# Brief
Search the material for the string "open", then return every line where it is found.

== Records shown

(* Let $\mathbb Z^N\subset\mathbb R^N$ be the lattice generated by an orthonormal basis, let $F\subset\mathbb R^N$ be a subspace and $\phi:\mathbb R^N\to F$ the orthogonal projection. Let $F=V\oplus W$ be a direct sum decomposition into real subspaces such that $\phi(\mathbb Z^N)\cap V$ is dense in $V$, $\phi(\mathbb Z^N)\cap W$ is discrete, and $\phi(\mathbb Z^N)=(V\cap\phi(\mathbb Z^N))+(W\cap\phi(\mathbb Z^N))$. Then $(F\cap\mathbb Z^N)+(V\cap\phi(\mathbb Z^N))$ is a subgroup of finite index in $\phi(\mathbb Z^N)$, the lattice $F\cap\mathbb Z^N$ has rank $\dim F-\dim V$, and the real vector space spanned by $F\cap\mathbb Z^N$ is orthogonal to $V$. *)

theory Defs
  imports "HOL-Analysis.Analysis"
begin

definition int_lattice :: "(real ^ 'n) set" where
  "int_lattice = {x. \<forall>i. x $ i \<in> \<int>}"

definition add_subgroup_of :: "'a::ab_group_add set \<Rightarrow> 'a set \<Rightarrow> bool" where
  "add_subgroup_of H G \<longleftrightarrow> H \<subseteq> G \<and> 0 \<in> H \<and>
     (\<forall>x\<in>H. \<forall>y\<in>H. x + y \<in> H) \<and> (\<forall>x\<in>H. - x \<in> H)"

definition finite_index :: "'a::ab_group_add set \<Rightarrow> 'a set \<Rightarrow> bool" where
  "finite_index H G \<longleftrightarrow> finite ((\<lambda>x. (\<lambda>h. x + h) ` H) ` G)"

definition int_independent :: "'a::real_vector set \<Rightarrow> bool" where
  "int_independent S \<longleftrightarrow> (\<forall>T c. finite T \<and> T \<subseteq> S \<and> (\<forall>v\<in>T. c v \<in> \<int>) \<and>
       (\<Sum>v\<in>T. c v *\<^sub>R v) = 0 \<longrightarrow> (\<forall>v\<in>T. c v = 0))"

definition group_rank :: "'a::real_vector set \<Rightarrow> nat" where
  "group_rank L = (GREATEST k. \<exists>S. S \<subseteq> L \<and> finite S \<and> card S = k \<and> int_independent S)"

definition set_plus_sp :: "'a::ab_group_add set \<Rightarrow> 'a set \<Rightarrow> 'a set" where
  "set_plus_sp A B = {a + b | a b. a \<in> A \<and> b \<in> B}"

end

(* Everything rests on one fact: the kernel of a linear map f on R^N is spanned by its
   lattice points as soon as the nonzero values of f on Z^N stay away from 0 (Dirichlet's
   simultaneous approximation gives q x close to a lattice point z, the gap forces f z = 0,
   and z / q is close to x).

   Let P = phi^-1(V). Applied to x |-> phi x minus its projection to V, whose lattice values
   are controlled by the discrete W-parts, the fact shows that P is spanned by lattice points.
   Applied to z |-> sum_b (z . b) b for a basis b of P /\ Z^N, it shows the same for
   P^perp = F /\ V^perp. Since phi(Z^N) /\ V is dense in V while x . phi z = x . z is an
   integer for x in F /\ Z^N, the lattice F /\ Z^N is orthogonal to V, hence spans exactly
   F /\ V^perp, of dimension dim F - dim V; Z-independent lattice vectors being R-independent,
   this is its rank. Finally (P /\ Z^N) + (F /\ Z^N) is a full-rank subgroup of Z^N, so it
   contains D Z^N for some D > 0, and phi maps it into (F /\ Z^N) + (V /\ phi(Z^N)); hence the
   index is finite. *)

theory Submission
  imports Defs
begin

lemma mem_int_lattice [simp]: "x \<in> int_lattice \<longleftrightarrow> (\<forall>i. x $ i \<in> \<int>)"
  by (simp add: int_lattice_def)

lemma int_lattice_diff: "x \<in> int_lattice \<Longrightarrow> y \<in> int_lattice \<Longrightarrow> x - y \<in> int_lattice"
  by simp

lemma int_lattice_scaleR: "r \<in> \<int> \<Longrightarrow> x \<in> int_lattice \<Longrightarrow> r *\<^sub>R x \<in> int_lattice"
  by simp

lemma int_lattice_sum: "(\<And>i. i \<in> A \<Longrightarrow> f i \<in> int_lattice) \<Longrightarrow> sum f A \<in> int_lattice"
  by (induction A rule: infinite_finite_induct) auto

lemma int_lattice_inner: "x \<in> int_lattice \<Longrightarrow> y \<in> int_lattice \<Longrightarrow> x \<bullet> y \<in> \<int>"
  unfolding inner_vec_def by (auto intro!: Ints_sum Ints_mult)

lemma int_lattice_floor: "z \<in> int_lattice \<Longrightarrow> z $ i = of_int \<lfloor>z $ i\<rfloor>"
  by (metis Ints_cases floor_of_int mem_int_lattice)

lemma int_lattice_norm_less_1:
  assumes z: "z \<in> int_lattice" and "norm z < 1"
  shows "z = 0"
proof -
  have "\<bar>z $ i\<bar> < 1" for i
    using component_le_norm_cart[of z i] \<open>norm z < 1\<close> by linarith
  then have "z $ i = 0" for i
    using int_lattice_floor[OF z, of i] by (metis of_int_0 of_int_abs of_int_less_1_iff zabs_less_one_iff)
  then show ?thesis by (simp add: vec_eq_iff)
qed

lemma half_notin_Ints: "(1 / 2 :: real) \<notin> \<int>"
  by (simp flip: frac_eq_0_iff)

lemma add_subgroup_of_int_lattice: "add_subgroup_of int_lattice UNIV"
  by (simp add: add_subgroup_of_def)

lemma add_subgroup_of_subset: "add_subgroup_of H G \<Longrightarrow> H \<subseteq> G' \<Longrightarrow> add_subgroup_of H G'"
  by (simp add: add_subgroup_of_def)

lemma add_subgroup_of_sum:
  assumes "add_subgroup_of H G" "\<And>i. i \<in> A \<Longrightarrow> f i \<in> H"
  shows "sum f A \<in> H"
  using assms(2) by (induction A rule: infinite_finite_induct) (use assms(1) in \<open>auto simp: add_subgroup_of_def\<close>)

lemma add_subgroup_of_int_scaleR:
  fixes x :: "'a :: real_vector"
  assumes H: "add_subgroup_of H G" and x: "x \<in> H"
  shows "of_int m *\<^sub>R x \<in> H"
proof -
  have nat: "of_nat n *\<^sub>R x \<in> H" for n
  proof (induction n)
    case (Suc n)
    then show ?case
      using H x by (simp add: add_subgroup_of_def scaleR_add_left)
  qed (use H in \<open>simp add: add_subgroup_of_def\<close>)
  show ?thesis
  proof (cases m rule: int_cases)
    case (neg n)
    then show ?thesis
      using nat[of "Suc n"] H by (simp add: add_subgroup_of_def del: of_nat_Suc)
  qed (use nat in simp)
qed

lemma add_subgroup_of_Int_subspace:
  "subspace S \<Longrightarrow> add_subgroup_of H UNIV \<Longrightarrow> add_subgroup_of (S \<inter> H) H"
  by (simp add: add_subgroup_of_def subspace_0 subspace_add subspace_neg)

lemma add_subgroup_of_linear_image:
  assumes "linear f" "add_subgroup_of H UNIV"
  shows "add_subgroup_of (f ` H) UNIV"
  using assms unfolding add_subgroup_of_def
  by (auto simp: linear_0 simp flip: linear_add linear_neg intro!: image_eqI)

lemma set_plus_sp_subset_left: "0 \<in> B \<Longrightarrow> A \<subseteq> set_plus_sp A B"
  unfolding set_plus_sp_def by force

lemma set_plus_sp_subset_right: "0 \<in> A \<Longrightarrow> B \<subseteq> set_plus_sp A B"
  unfolding set_plus_sp_def by force

lemma add_subgroup_of_set_plus_sp:
  assumes A: "add_subgroup_of A G" and B: "add_subgroup_of B G" and G: "add_subgroup_of G UNIV"
  shows "add_subgroup_of (set_plus_sp A B) G"
proof -
  have "a + b \<in> G" if "a \<in> A" "b \<in> B" for a b
    using that A B G unfolding add_subgroup_of_def by blast
  moreover have "0 + 0 \<in> set_plus_sp A B"
    using A B unfolding add_subgroup_of_def set_plus_sp_def by blast
  moreover have "(a + a') + (b + b') \<in> set_plus_sp A B"
    if "a \<in> A" "a' \<in> A" "b \<in> B" "b' \<in> B" for a a' b b'
    using that A B unfolding add_subgroup_of_def set_plus_sp_def by blast
  moreover have "- a + - b \<in> set_plus_sp A B" if "a \<in> A" "b \<in> B" for a b
    using that A B unfolding add_subgroup_of_def set_plus_sp_def by blast
  ultimately show ?thesis
    unfolding add_subgroup_of_def set_plus_sp_def
    by (fastforce simp: algebra_simps)
qed

lemma add_subgroup_coset_eq:
  assumes H: "add_subgroup_of H G" and xr: "x - r \<in> H"
  shows "(\<lambda>h. x + h) ` H = (\<lambda>h. r + h) ` H"
proof (intro equalityI image_subsetI)
  fix h assume "h \<in> H"
  then have "(x - r) + h \<in> H" and "x + h = r + ((x - r) + h)"
    using H xr by (simp_all add: add_subgroup_of_def)
  then show "x + h \<in> (\<lambda>h. r + h) ` H"
    by blast
next
  fix h assume "h \<in> H"
  moreover have "- (x - r) \<in> H"
    using H xr unfolding add_subgroup_of_def by blast
  ultimately have "h + (r - x) \<in> H"
    using H unfolding add_subgroup_of_def by simp
  moreover have "r + h = x + (h + (r - x))"
    by simp
  ultimately show "r + h \<in> (\<lambda>h. x + h) ` H"
    by blast
qed

lemma finite_index_if_finite_representatives:
  assumes H: "add_subgroup_of H G" and "finite R" and rep: "\<And>x. x \<in> G \<Longrightarrow> \<exists>r\<in>R. x - r \<in> H"
  shows "finite_index H G"
proof -
  have "(\<lambda>x. (\<lambda>h. x + h) ` H) ` G \<subseteq> (\<lambda>r. (\<lambda>h. r + h) ` H) ` R"
  proof (rule image_subsetI)
    fix x assume "x \<in> G"
    then obtain r where "r \<in> R" "x - r \<in> H"
      using rep by blast
    then show "(\<lambda>h. x + h) ` H \<in> (\<lambda>r. (\<lambda>h. r + h) ` H) ` R"
      using add_subgroup_coset_eq[OF H] by blast
  qed
  then show ?thesis
    unfolding finite_index_def using \<open>finite R\<close> by (meson finite_imageI finite_subset)
qed

lemma finite_vectors: "(\<And>i. finite (B i)) \<Longrightarrow> finite {v :: 'a ^ 'n. \<forall>i. v $ i \<in> B i}"
proof -
  assume "\<And>i. finite (B i)"
  then have "finite (vec_lambda ` Pi\<^sub>E (UNIV :: 'n set) B)"
    by (simp add: finite_PiE)
  moreover have "{v. \<forall>i. v $ i \<in> B i} \<subseteq> vec_lambda ` Pi\<^sub>E UNIV B"
    by (auto simp: image_iff intro!: bexI[of _ "vec_nth _"])
  ultimately show ?thesis
    by (rule finite_subset[rotated])
qed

====

# Response
    using component_le_norm_cart[of z i] \<open>norm z < 1\<close> by linarith
  using assms(2) by (induction A rule: infinite_finite_induct) (use assms(1) in \<open>auto simp: add_subgroup_of_def\<close>)
  qed (use H in \<open>simp add: add_subgroup_of_def\<close>)
    unfolding finite_index_def using \<open>finite R\<close> by (meson finite_imageI finite_subset)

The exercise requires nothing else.